My advice to you, since you have said he is a reputable vendor.
Send them back its really just that simple.
Reputable vendors not only guarantee delivery.
They also guarantee your complete satisfaction.
Good Luck. :vs_cool:


----------



## Bird-Dog (Oct 16, 2009)

TonyBrooklyn said:


> Here are a box of fakes i stumbled upon some time back.
> You will notice no date code.
> Lots of other stickers though.
> My advice to you, since you have said he is a reputable vendor.
> ...


Man those got around! Excellent example Tony. You can even still find them on some fake vendor sites today. But then, that's a dead giveaway that they're selling fakes. And "fakes" is the right word; they don't even rate being called "counterfeits".

Interestingly, if those were real they would be an example of an instance where there likely wouldn't be a date code on the wooden box because it would have been stamped on the cardboard outer box instead (I've seen it said that they sometimes stamp both, but I've never seen it myself). And that's where all the stickers and seals would be too, on the outer packaging not the wooden inner! There are also some regular production items where the wooden box is packaged in an outer cardboard box with the date stamp, stickers, and seals on it, and any real vendor will ship them that way.

And that's a good lead-in to telling folks how to know if the vendor site they stumbled across is selling fakes. Packaging matters, and counterfeiters are notorious for getting it wrong. Another tip-off is items that have long-since been discontinued. The first thing I look for are Partagas Coronas. Seems nearly every fake vendor lists them as though they're still in current production even though they were discontinued in 2006. Not that I was going to buy anything from some random site anyway, but I do kinda' enjoy shaking my head and laughing at how transparent they are letting you know their cigars are all fakes!


----------



## Bird-Dog (Oct 16, 2009)

poppajon75 said:


> Only time I've not seen box codes is on the individual tins when buying a 5x5 deal. I've got a couple tins of HUHC from '08 that aren't marked, though I imagine the original packaging containing the lot would have had the codes.

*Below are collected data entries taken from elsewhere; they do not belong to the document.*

lemma abs_bessel_kernel_le:
  assumes "0 \<le> t" shows "\<bar>bessel_kernel n t\<bar> \<le> exp (2*t)"
proof -
  have "norm (exp (2*t*cos \<theta>) * cos (of_int n * \<theta>)) \<le> exp (2*t)" for \<theta>
  proof -
    have "exp (2*t*cos \<theta>) * \<bar>cos (of_int n * \<theta>)\<bar> \<le> exp (2*t*cos \<theta>)"
      by (rule mult_left_le) auto
    also have "\<dots> \<le> exp (2*t)"
      using assms by (simp add: mult_left_le)
    finally show ?thesis by (simp add: abs_mult)
  qed
  then have "norm (integral (cbox 0 pi) (\<lambda>\<theta>. exp (2*t*cos \<theta>) * cos (of_int n * \<theta>)))
      \<le> exp (2*t) * Henstock_Kurzweil_Integration.content (cbox 0 pi)"
    by (intro has_integral_bound[OF _ integrable_integral])
       (auto intro!: integrable_continuous_interval continuous_intros)
  then show ?thesis
    by (simp add: bessel_kernel_def abs_mult divide_le_eq mult.commute)
qed

text \<open>
  Integrating the cooperativity inequality \<open>m\<close> times improves the lower bound \<open>-K\<close> to the
  Taylor term \<open>-K (ct)\<^sup>m / m!\<close>, which tends to \<open>0\<close>.
\<close>

lemma cooperative_system_lower_bound:
  fixes f d :: "real \<Rightarrow> 'a \<Rightarrow> real"
  assumes "0 \<le> c" "0 \<le> K"
    and init: "\<And>i. 0 \<le> f 0 i"
    and lower: "\<And>i t. 0 \<le> t \<Longrightarrow> t \<le> T \<Longrightarrow> -K \<le> f t i"
    and cont: "\<And>i. continuous_on {0..T} (\<lambda>t. f t i)"
    and deriv: "\<And>i t. 0 < t \<Longrightarrow> t < T \<Longrightarrow> ((\<lambda>s. f s i) has_real_derivative d t i) (at t)"
    and coop: "\<And>t i b. 0 < t \<Longrightarrow> t < T \<Longrightarrow> 0 \<le> b \<Longrightarrow> (\<And>j. -b \<le> f t j) \<Longrightarrow> -c*b \<le> d t i"
    and "0 \<le> t" "t \<le> T"
  shows "-K * (c*t)^m / fact m \<le> f t i"
  using \<open>0 \<le> t\<close> \<open>t \<le> T\<close>
proof (induction m arbitrary: i t)
  case 0
  then show ?case using lower by simp
next
  case (Suc m)
  define h where "h = (\<lambda>s. f s i + K * (c * s) ^ Suc m / fact (Suc m))"
  have "h 0 \<le> h t"
  proof (rule DERIV_nonneg_imp_increasing_open[OF \<open>0 \<le> t\<close>])
    fix s assume s: "0 < s" "s < t"
    have "(h has_real_derivative d s i + K * c * (c * s)^m / fact m) (at s)"
      unfolding h_def using s Suc.prems
      by (intro derivative_eq_intros refl) (auto intro: deriv)
    moreover have "-c * (K * (c * s)^m / fact m) \<le> d s i"
      using s Suc.prems Suc.IH assms(1,2) by (intro coop) auto
    ultimately show "\<exists>y. (h has_real_derivative y) (at s) \<and> 0 \<le> y"
      by (auto simp: algebra_simps)
  next
    show "continuous_on {0..t} h"
      unfolding h_def using Suc.prems
      by (intro continuous_intros continuous_on_subset[OF cont]) auto
  qed
  then show ?case
    using init[of i] by (simp add: h_def)
qed
lemma Bset_decomposition_eq_smoots:
  assumes G: "graph V E ends" and "e \<in> E"
    and "\<beta> \<subseteq> Eef E e f" "\<beta> \<inter> \<gamma> = {}" "m \<in> Bset V E ends e f \<beta> \<gamma>"
    and sum: "xmon \<beta> + xmon \<gamma> + m = xmon (Eef E e f)"
  shows "\<beta> = smoots V E ends e f \<gamma>"
proof -
  obtain \<alpha> \<alpha>' where m: "m = xmon \<alpha> + xmon \<alpha>'" and "twins V E ends e f \<beta> \<gamma> \<alpha> \<alpha>'"
    using assms(5) by (auto simp: Bset_def)
  then have compat: "compatible V E ends e f \<beta> \<gamma> \<alpha>" "compatible V E ends e f \<beta> \<gamma> \<alpha>'"
    "compatible V E ends e f \<beta> \<gamma> (\<alpha> \<inter> \<alpha>')"
    by (simp_all add: twins_def Aset_def)
  have fin: "finite (Eef E e f)" "finite \<beta>" "finite \<alpha>" "finite \<alpha>'"
    using finite_Eef[OF G] assms(3) compat(1,2)
    by (auto simp: compatible_def intro: finite_subset)
  have \<gamma>: "\<gamma> \<subseteq> Eef E e f" "finite \<gamma>"
    using compat(1) fin(1) by (auto simp: compatible_def paracel_def intro: finite_subset)
  have "xmon \<beta> + xmon \<gamma> = xmon (\<beta> \<union> \<gamma>)"
    using fin \<gamma> assms(4) by (simp add: xmon_add_eq_xmon_iff)
  moreover have "xmon (\<beta> \<union> \<gamma>) + xmon \<alpha> = xmon (\<beta> \<union> \<gamma> \<union> \<alpha>)"
    using fin \<gamma> compat(1) by (auto simp: xmon_add_eq_xmon_iff compatible_def)
  ultimately have "xmon (\<beta> \<union> \<gamma> \<union> \<alpha>) + xmon \<alpha>' = xmon (Eef E e f)"
    using sum m by (metis add.assoc)
  then have partition: "(\<beta> \<union> \<gamma> \<union> \<alpha>) \<inter> \<alpha>' = {}" "\<beta> \<union> \<gamma> \<union> \<alpha> \<union> \<alpha>' = Eef E e f"
    using fin \<gamma> by (simp_all add: xmon_add_eq_xmon_iff)
  have "\<alpha> \<inter> \<alpha>' = {}"
    using partition(1) by blast
  then have "\<beta> \<subseteq> smoots V E ends e f \<gamma>"
    using compat(3) by (auto simp: compatible_def smoots_def)
  moreover have "smoots V E ends e f \<gamma> \<subseteq> \<beta>"
  proof
    fix g assume "g \<in> smoots V E ends e f \<gamma>"
    then have "g \<in> Eef E e f - \<gamma>" "g \<notin> \<alpha>" "g \<notin> \<alpha>'"
      using smoots_subset[of V E ends e f \<gamma>] smoot_notin_compatible[OF G assms(2) compat(1)]
        smoot_notin_compatible[OF G assms(2) compat(2)]
      by (auto simp: smoots_def)
    then show "g \<in> \<beta>"
      using partition(2) by blast
  qed
  ultimately show ?thesis by blast
qed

Yep, date code would be under the flap of the outer sleeve containing all five tins. Same goes for cardboard packs. One catch, though. HUHC's weren't launched until 2011, and the 5x5 tins didn't come out until 2012.

Another example of unusual date placement is with Vegueros tins of 16. The date stamp is on the bottom of the bundle inside the tin. This also applies to JLP's and Quinteros that come as a bundle inside a chipboard box.


----------



## Rondo (Sep 9, 2015)

A first for me.


----------



## TonyBrooklyn (Jan 28, 2010)

curmudgeonista said:


> Yep, date code would be under the flap of the outer sleeve containing all five tins. Same goes for cardboard packs. One catch, though. HUHC's weren't launched until 2011, and the 5x5 tins didn't come out until 2012.
> 
> Another example of unusual date placement is with Vegueros tins of 16. The date stamp is on the bottom of the bundle inside the tin. This also applies to JLP's and Quinteros that come as a bundle inside a chipboard box.


Absolutely right.
Very few people would notice that.


----------



## TonyBrooklyn (Jan 28, 2010)

curmudgeonista said:


> Man those got around! Excellent example Tony. You can even still find them on some fake vendor sites today. But then, that's a dead giveaway that they're selling fakes. And "fakes" is the right word; they don't even rate being called "counterfeits".
> 
> Interestingly, if those were real they would be an example of an instance where there likely wouldn't be a date code on the wooden box because it would have been stamped on the cardboard outer box instead (I've seen it said that they sometimes stamp both, but I've never seen it myself). And that's where all the stickers and seals would be too, on the outer packaging not the wooden inner! There are also some regular production items where the wooden box is packaged in an outer cardboard box with the date stamp, stickers, and seals on it, and any real vendor will ship them that way.
> 
> And that's a good lead-in to telling folks how to know if the vendor site they stumbled across is selling fakes. Packaging matters, and counterfeiters are notorious for getting it wrong. Another tip-off is items that have long-since been discontinued. The first thing I look for are Partagas Coronas. Seems nearly every fake vendor lists them as though they're still in current production even though they were discontinued in 2006. Not that I was going to buy anything from some random site anyway, but I do kinda' enjoy shaking my head and laughing at how transparent they are letting you know their cigars are all fakes!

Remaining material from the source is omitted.